ASSIGNMENT
Using the data beneath this instruction, retype only the lines from the one that contains "(* Put r = B(u1^2" down to the one that contains "change of coordinates", both included, exactly as they appear.

DATA
_ _ _ _
(* Let $\mathcal{B}:\mathbb{R}[x_1,x_2]_{2d}\to\mathbb{R}^m$ be a linear map and $b\in\mathbb{R}^m$, and suppose there exists $p\in\Sigma[x_1,x_2]_{2d}$ with $\mathcal{B}(p)=b$. Define $f_{\mathcal{B}}(\mathbf{u})=\|\mathcal{B}(u_1^2+u_2^2)-b\|^2$ for $\mathbf{u}=(u_1,u_2)\in\mathbb{R}[x_1,x_2]_d^2$. If $\nabla f_{\mathcal{B}}(\mathbf{u})=0$ and $\nabla^2 f_{\mathcal{B}}(\mathbf{u})\succeq0$, then $f_{\mathcal{B}}(\mathbf{u})=0$.
   Context: $\mathbb{R}[x_1,x_2]_n$ denotes the space of real binary forms (homogeneous polynomials in $x_1,x_2$) of degree $n$, and $\Sigma[x_1,x_2]_{2d}$ the cone of sums of squares of binary forms of degree $d$. $\|\cdot\|$ is the norm induced by an inner product on $\mathbb{R}^m$ (e.g. the Euclidean one). Derivatives are taken with respect to the finite-dimensional real vector space $\mathbb{R}[x_1,x_2]_d^2$: $\nabla f_{\mathcal{B}}(\mathbf{u})=0$ means all first directional derivatives vanish, and $\nabla^2 f_{\mathcal{B}}(\mathbf{u})\succeq0$ means all second directional derivatives are nonnegative. *)

theory Defs
  imports "HOL-Analysis.Analysis" "HOL-Computational_Algebra.Polynomial"
begin

text \<open>A real binary form of degree n, sum over i of c_i x1^i x2^(n-i), is represented by
  the univariate polynomial sum of c_i t^i (of degree at most n).  This identification is
  a linear bijection that is compatible with products (the product of forms of degrees
  n and k corresponds to the product of the polynomials).\<close>

definition binary_forms :: "nat \<Rightarrow> real poly set" where
  "binary_forms n = {p. degree p \<le> n}"

definition form_eval :: "nat \<Rightarrow> real poly \<Rightarrow> real \<Rightarrow> real \<Rightarrow> real" where
  "form_eval n p x1 x2 = (\<Sum>i\<le>n. coeff p i * x1 ^ i * x2 ^ (n - i))"

definition sos_forms :: "nat \<Rightarrow> real poly set" where
  "sos_forms d = {p. \<exists>qs. set qs \<subseteq> binary_forms d \<and> p = sum_list (map (\<lambda>q. q ^ 2) qs)}"

definition linear_on_forms :: "nat \<Rightarrow> (real poly \<Rightarrow> 'a::real_vector) \<Rightarrow> bool" where
  "linear_on_forms n B \<longleftrightarrow>
     (\<forall>p\<in>binary_forms n. \<forall>q\<in>binary_forms n. B (p + q) = B p + B q) \<and>
     (\<forall>c. \<forall>p\<in>binary_forms n. B (smult c p) = c *\<^sub>R B p)"

definition f_B :: "(real poly \<Rightarrow> 'a::real_normed_vector) \<Rightarrow> 'a \<Rightarrow> real poly \<times> real poly \<Rightarrow> real" where
  "f_B B b u = (norm (B (fst u ^ 2 + snd u ^ 2) - b)) ^ 2"

definition line_pt :: "real poly \<times> real poly \<Rightarrow> real poly \<times> real poly \<Rightarrow> real \<Rightarrow> real poly \<times> real poly" where
  "line_pt u v t = (fst u + smult t (fst v), snd u + smult t (snd v))"

end

theory Submission
  imports Defs "HOL-Computational_Algebra.Polynomial_Factorial" "HOL-Computational_Algebra.Field_as_Ring"
begin

(* Put r = B(u1^2 + u2^2) - b and L p = <r, B p>.  Along a line u + t v, f_B is the quartic
   |r + 2t B(u1 v1 + u2 v2) + t^2 B(v1^2 + v2^2)|^2 in t, so a vanishing gradient and a psd
   Hessian say that L kills u1 v1 + u2 v2, that L(n1^2 + n2^2) >= 0 for every syzygy
   u1 n1 + u2 n2 = 0, and, perturbing n1 by x w, that L(n1 w) = L(n2 w) = 0 when equality holds.
   For binary forms these conditions force L(s^2) >= 0 for all forms s of degree d.  After a
   change of coordinates u1 has full degree; write (u1, u2) = g (a, b) with a, b coprime.  On
   forms of degree 2d, L p = L (p mod g); the syzygies (b h, -a h) give L(h^2 m) >= 0 for
   m = a^2 + b^2; and a descent in the annihilator of L yields an element y coprime to m.
   Inverting m modulo y turns s^2 into s^2 (mu m)^2, a sum of two terms of the form h^2 m.
   Hence L(p) >= 0 for the sum of squares p with B p = b, and |r|^2 = L(u1^2 + u2^2) - L(p) <= 0. *)

section \<open>Degrees, binary forms and coordinate changes\<close>

lemma degree_mult_le_add: "degree p \<le> n \<Longrightarrow> degree q \<le> m \<Longrightarrow> degree (p * q) \<le> n + m"
  using degree_mult_le[of p q] by linarith

lemma degree_square_le: "degree p \<le> d \<Longrightarrow> degree (p\<^sup>2) \<le> 2 * d"
  unfolding power2_eq_square mult_2 by (rule degree_mult_le_add)

lemma degree_sum_squares_le:
  "degree p \<le> d \<Longrightarrow> degree q \<le> d \<Longrightarrow> degree (p\<^sup>2 + q\<^sup>2) \<le> 2 * d"
  by (intro degree_add_le degree_square_le)

lemma sos_forms_subset_binary_forms: "sos_forms d \<subseteq> binary_forms (2 * d)"
proof
  fix p
  assume "p \<in> sos_forms d"
  then obtain qs where "set qs \<subseteq> binary_forms d" "p = sum_list (map (\<lambda>q. q\<^sup>2) qs)"
    by (auto simp: sos_forms_def)
  then show "p \<in> binary_forms (2 * d)"
    by (induction qs arbitrary: p) (auto simp: binary_forms_def intro!: degree_add_le degree_square_le)
qed

text \<open>In the encoding of forms of degree \<open>n\<close> used here, \<open>form_swap n\<close> exchanges \<open>x\<^sub>1\<close> and
  \<open>x\<^sub>2\<close>, and \<open>p \<circ>\<^sub>p [:c, 1:]\<close> is the substitution \<open>x\<^sub>1 \<mapsto> x\<^sub>1 + c x\<^sub>2\<close>.\<close>

definition form_swap :: "nat \<Rightarrow> 'a::comm_semiring_1 poly \<Rightarrow> 'a poly" where
  "form_swap n p = (\<Sum>i\<le>n. monom (coeff p i) (n - i))"

lemma coeff_form_swap: "coeff (form_swap n p) j = (if j \<le> n then coeff p (n - j) else 0)"
proof -
  have "coeff (form_swap n p) j = (\<Sum>i\<le>n. if i = n - j \<and> j \<le> n then coeff p i else 0)"
    unfolding form_swap_def coeff_sum coeff_monom by (rule sum.cong) auto
  then show ?thesis
    by (simp add: sum.delta)
qed

lemma degree_form_swap_le: "degree (form_swap n p) \<le> n"
  by (rule degree_le) (simp add: coeff_form_swap)

lemma form_swap_form_swap: "degree p \<le> n \<Longrightarrow> form_swap n (form_swap n p) = p"
  by (rule poly_eqI) (auto simp: coeff_form_swap coeff_eq_0)

lemma form_swap_add: "form_swap n (p + q) = form_swap n p + form_swap n q"
  by (rule poly_eqI) (simp add: coeff_form_swap)

lemma form_swap_eq_reflect_poly:
  "degree p \<le> n \<Longrightarrow> form_swap n p = monom 1 (n - degree p) * reflect_poly p"
  by (rule poly_eqI) (auto simp: coeff_form_swap coeff_monom_mult coeff_reflect_poly coeff_eq_0)

lemma form_swap_mult:
  fixes p q :: "'a::idom poly"
  assumes "degree p \<le> n" "degree q \<le> m"
  shows "form_swap (n + m) (p * q) = form_swap n p * form_swap m q"
proof (cases "p = 0 \<or> q = 0")
  case True
  then show ?thesis
    by (auto simp: form_swap_def)
next
  case False
  then have "degree (p * q) = degree p + degree q"
    by (simp add: degree_mult_eq)
  with assms show ?thesis
    by (simp add: form_swap_eq_reflect_poly reflect_poly_mult mult_monom algebra_simps)
qed

lemma form_swap_square:
  fixes q :: "'a::idom poly"
  assumes "degree q \<le> d"
  shows "form_swap (2 * d) ((form_swap d q)\<^sup>2) = q\<^sup>2"
proof -
  have "(form_swap d q)\<^sup>2 = form_swap (2 * d) (q\<^sup>2)"
    using assms by (simp add: power2_eq_square mult_2 form_swap_mult)
  with assms show ?thesis
    by (simp add: form_swap_form_swap degree_square_le)
qed

lemma pcompose_shift_shift: "p \<circ>\<^sub>p [:c, 1:] \<circ>\<^sub>p [:- c, 1:] = (p :: 'a::comm_ring_1 poly)"
  by (simp add: pcompose_assoc[symmetric] pcompose_pCons)

section \<open>The objective along a line\<close>

definition extend_form_map :: "nat \<Rightarrow> (real poly \<Rightarrow> 'a) \<Rightarrow> real poly \<Rightarrow> 'a" where
  "extend_form_map n B p = B (poly_cutoff (Suc n) p)"

lemma extend_form_map_eq: "degree p \<le> n \<Longrightarrow> extend_form_map n B p = B p"
proof -
  assume "degree p \<le> n"
  then have "poly_cutoff (Suc n) p = p"
    by (intro poly_eqI) (simp add: coeff_poly_cutoff coeff_eq_0)
  then show ?thesis
    by (simp add: extend_form_map_def)
qed

lemma
  assumes "linear_on_forms n B"
  shows extend_form_map_add: "extend_form_map n B (p + q) = extend_form_map n B p + extend_form_map n B q"
    and extend_form_map_smult: "extend_form_map n B (smult c p) = c *\<^sub>R extend_form_map n B p"
proof -
  have "poly_cutoff (Suc n) (p + q) = poly_cutoff (Suc n) p + poly_cutoff (Suc n) q"
    "poly_cutoff (Suc n) (smult c p) = smult c (poly_cutoff (Suc n) p)"
    by (simp_all add: poly_eq_iff coeff_poly_cutoff)
  moreover have "poly_cutoff (Suc n) r \<in> binary_forms n" for r
    unfolding binary_forms_def by (auto intro: degree_le simp: coeff_poly_cutoff)
  ultimately show "extend_form_map n B (p + q) = extend_form_map n B p + extend_form_map n B q"
    and "extend_form_map n B (smult c p) = c *\<^sub>R extend_form_map n B p"
    using assms by (simp_all add: linear_on_forms_def extend_form_map_def)
qed

lemma square_add_smult:
  "(p + smult x w)\<^sup>2 = p\<^sup>2 + smult x (p * w + p * w) + smult (x\<^sup>2) (w\<^sup>2 :: 'a::comm_ring_1 poly)"
  by (simp add: power2_eq_square algebra_simps smult_add_right)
_ _ _ _
TASK ANSWER
(* Put r = B(u1^2 + u2^2) - b and L p = <r, B p>.  Along a line u + t v, f_B is the quartic
   |r + 2t B(u1 v1 + u2 v2) + t^2 B(v1^2 + v2^2)|^2 in t, so a vanishing gradient and a psd
   Hessian say that L kills u1 v1 + u2 v2, that L(n1^2 + n2^2) >= 0 for every syzygy
   u1 n1 + u2 n2 = 0, and, perturbing n1 by x w, that L(n1 w) = L(n2 w) = 0 when equality holds.
   For binary forms these conditions force L(s^2) >= 0 for all forms s of degree d.  After a
   change of coordinates u1 has full degree; write (u1, u2) = g (a, b) with a, b coprime.  On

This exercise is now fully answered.